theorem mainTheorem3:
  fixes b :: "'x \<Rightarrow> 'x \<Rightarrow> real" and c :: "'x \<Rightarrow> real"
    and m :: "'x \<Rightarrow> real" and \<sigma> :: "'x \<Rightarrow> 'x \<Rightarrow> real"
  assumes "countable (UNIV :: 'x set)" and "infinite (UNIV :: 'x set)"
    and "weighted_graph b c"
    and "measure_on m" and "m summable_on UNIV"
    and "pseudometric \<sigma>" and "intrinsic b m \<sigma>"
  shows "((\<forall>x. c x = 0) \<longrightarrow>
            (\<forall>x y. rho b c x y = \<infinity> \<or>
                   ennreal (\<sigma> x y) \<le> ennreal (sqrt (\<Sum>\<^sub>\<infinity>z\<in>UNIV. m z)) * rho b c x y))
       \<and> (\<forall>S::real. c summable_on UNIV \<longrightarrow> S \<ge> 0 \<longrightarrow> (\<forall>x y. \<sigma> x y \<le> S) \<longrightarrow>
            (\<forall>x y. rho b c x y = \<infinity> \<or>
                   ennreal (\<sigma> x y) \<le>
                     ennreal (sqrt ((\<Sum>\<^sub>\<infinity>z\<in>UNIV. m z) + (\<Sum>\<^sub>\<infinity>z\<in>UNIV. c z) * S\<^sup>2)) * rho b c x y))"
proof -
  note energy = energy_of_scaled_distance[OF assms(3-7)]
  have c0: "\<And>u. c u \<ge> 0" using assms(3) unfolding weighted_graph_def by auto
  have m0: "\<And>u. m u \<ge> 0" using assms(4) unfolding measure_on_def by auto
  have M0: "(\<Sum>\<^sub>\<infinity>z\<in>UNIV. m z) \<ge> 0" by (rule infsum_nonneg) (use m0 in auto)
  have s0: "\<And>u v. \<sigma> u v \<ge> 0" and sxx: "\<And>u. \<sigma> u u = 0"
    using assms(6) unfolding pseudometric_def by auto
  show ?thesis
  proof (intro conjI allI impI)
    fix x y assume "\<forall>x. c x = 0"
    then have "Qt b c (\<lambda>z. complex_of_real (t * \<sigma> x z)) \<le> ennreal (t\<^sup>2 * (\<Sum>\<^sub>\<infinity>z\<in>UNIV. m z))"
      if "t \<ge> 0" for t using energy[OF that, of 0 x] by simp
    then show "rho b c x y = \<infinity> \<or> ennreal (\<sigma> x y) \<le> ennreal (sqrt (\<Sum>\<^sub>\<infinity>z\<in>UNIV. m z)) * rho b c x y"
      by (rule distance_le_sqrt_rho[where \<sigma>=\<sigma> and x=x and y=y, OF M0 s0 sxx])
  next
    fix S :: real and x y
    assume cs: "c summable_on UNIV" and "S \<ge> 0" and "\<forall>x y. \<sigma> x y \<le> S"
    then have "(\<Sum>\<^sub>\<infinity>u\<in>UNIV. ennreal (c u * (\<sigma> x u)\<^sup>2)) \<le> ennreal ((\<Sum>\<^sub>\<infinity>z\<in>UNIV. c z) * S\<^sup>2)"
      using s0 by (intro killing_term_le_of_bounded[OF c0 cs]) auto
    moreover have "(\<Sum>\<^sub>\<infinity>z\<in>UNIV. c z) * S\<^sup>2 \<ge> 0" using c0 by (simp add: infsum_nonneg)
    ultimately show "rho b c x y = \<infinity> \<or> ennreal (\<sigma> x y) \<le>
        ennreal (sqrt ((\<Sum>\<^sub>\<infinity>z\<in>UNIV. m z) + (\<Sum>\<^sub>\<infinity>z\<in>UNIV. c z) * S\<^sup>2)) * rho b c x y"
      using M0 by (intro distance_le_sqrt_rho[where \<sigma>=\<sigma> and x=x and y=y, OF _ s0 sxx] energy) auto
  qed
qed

------------------------------

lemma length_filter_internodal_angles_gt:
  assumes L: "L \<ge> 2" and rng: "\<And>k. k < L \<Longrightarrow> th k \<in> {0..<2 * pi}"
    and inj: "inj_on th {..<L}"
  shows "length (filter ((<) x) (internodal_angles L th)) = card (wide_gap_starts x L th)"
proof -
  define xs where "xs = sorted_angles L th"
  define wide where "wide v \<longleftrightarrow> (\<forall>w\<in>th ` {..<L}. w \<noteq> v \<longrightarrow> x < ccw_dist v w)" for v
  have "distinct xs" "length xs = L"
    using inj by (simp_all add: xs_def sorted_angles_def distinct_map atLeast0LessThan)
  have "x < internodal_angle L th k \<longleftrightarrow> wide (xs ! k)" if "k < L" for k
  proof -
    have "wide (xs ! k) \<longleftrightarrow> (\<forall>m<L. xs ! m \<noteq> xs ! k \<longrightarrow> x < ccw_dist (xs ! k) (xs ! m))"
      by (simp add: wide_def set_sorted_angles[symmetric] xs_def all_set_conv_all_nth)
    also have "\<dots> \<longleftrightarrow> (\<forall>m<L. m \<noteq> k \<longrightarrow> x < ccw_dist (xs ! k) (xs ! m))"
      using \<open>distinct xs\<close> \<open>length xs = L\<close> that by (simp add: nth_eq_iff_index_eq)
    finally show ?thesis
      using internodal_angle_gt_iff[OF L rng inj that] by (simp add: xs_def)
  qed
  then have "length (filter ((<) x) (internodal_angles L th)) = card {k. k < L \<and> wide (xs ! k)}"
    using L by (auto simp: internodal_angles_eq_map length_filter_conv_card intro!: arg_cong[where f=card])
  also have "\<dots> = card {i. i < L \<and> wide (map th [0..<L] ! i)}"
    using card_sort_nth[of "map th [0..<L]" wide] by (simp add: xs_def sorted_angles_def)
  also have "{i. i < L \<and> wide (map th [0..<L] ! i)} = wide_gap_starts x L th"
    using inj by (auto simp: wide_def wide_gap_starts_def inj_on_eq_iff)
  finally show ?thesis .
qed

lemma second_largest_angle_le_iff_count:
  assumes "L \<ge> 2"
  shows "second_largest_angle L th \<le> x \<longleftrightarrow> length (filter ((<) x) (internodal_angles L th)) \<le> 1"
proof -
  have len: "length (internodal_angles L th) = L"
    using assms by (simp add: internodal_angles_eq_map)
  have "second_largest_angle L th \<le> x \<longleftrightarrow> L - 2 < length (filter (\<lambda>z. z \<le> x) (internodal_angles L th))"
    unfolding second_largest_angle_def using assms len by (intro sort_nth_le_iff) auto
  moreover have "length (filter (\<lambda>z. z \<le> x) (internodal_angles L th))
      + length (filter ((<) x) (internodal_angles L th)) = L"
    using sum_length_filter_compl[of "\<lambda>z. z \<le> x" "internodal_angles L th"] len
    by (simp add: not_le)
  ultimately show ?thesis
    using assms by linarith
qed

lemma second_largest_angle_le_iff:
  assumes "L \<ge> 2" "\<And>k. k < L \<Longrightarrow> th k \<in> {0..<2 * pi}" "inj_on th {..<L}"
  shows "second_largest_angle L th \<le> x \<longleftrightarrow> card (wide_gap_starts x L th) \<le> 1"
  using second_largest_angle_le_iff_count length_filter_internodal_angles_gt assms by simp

------------------------------

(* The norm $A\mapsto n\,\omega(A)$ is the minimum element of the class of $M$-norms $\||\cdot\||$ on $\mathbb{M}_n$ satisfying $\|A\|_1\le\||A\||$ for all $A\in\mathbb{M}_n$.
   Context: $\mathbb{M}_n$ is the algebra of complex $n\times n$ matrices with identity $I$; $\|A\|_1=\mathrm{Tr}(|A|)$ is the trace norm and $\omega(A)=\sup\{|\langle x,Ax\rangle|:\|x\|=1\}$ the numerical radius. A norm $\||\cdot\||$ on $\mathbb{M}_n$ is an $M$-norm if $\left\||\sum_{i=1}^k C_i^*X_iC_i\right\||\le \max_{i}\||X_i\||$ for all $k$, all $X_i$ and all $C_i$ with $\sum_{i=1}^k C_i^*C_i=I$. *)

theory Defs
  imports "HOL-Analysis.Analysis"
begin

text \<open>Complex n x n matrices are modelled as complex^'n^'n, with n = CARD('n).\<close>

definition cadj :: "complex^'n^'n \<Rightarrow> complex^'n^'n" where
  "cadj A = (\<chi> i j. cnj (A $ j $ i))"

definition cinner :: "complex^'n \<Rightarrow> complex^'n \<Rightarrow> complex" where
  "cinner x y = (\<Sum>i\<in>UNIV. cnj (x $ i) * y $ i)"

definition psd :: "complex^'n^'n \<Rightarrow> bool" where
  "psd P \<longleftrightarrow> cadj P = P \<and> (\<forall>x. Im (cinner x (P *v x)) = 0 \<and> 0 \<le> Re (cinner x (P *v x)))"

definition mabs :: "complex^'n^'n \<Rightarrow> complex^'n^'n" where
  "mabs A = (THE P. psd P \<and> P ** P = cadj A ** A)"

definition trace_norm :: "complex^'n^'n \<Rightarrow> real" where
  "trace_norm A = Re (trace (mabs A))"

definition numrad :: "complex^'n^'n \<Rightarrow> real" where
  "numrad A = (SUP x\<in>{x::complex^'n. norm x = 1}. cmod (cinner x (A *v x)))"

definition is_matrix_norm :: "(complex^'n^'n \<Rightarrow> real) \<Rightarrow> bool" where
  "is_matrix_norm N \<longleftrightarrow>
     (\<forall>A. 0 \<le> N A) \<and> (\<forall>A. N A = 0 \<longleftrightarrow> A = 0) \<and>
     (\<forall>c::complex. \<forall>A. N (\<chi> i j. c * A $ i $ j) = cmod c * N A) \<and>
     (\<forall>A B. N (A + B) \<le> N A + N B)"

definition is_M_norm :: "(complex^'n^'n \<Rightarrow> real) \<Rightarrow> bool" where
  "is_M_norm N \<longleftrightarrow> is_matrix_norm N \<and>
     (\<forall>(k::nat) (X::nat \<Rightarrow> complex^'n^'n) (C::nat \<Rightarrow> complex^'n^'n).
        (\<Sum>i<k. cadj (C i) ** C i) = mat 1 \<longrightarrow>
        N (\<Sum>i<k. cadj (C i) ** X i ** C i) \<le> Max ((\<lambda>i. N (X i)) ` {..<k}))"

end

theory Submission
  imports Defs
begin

------------------------------

Task requirements
Where the listing above has a line with "finally show ?thesis .", start there, and output every line exactly through the line with "using assms by (simp", which is also included.

Answer for this exercise
  finally show ?thesis .
qed

lemma second_largest_angle_le_iff_count:
  assumes "L \<ge> 2"
  shows "second_largest_angle L th \<le> x \<longleftrightarrow> length (filter ((<) x) (internodal_angles L th)) \<le> 1"
proof -
  have len: "length (internodal_angles L th) = L"
    using assms by (simp add: internodal_angles_eq_map)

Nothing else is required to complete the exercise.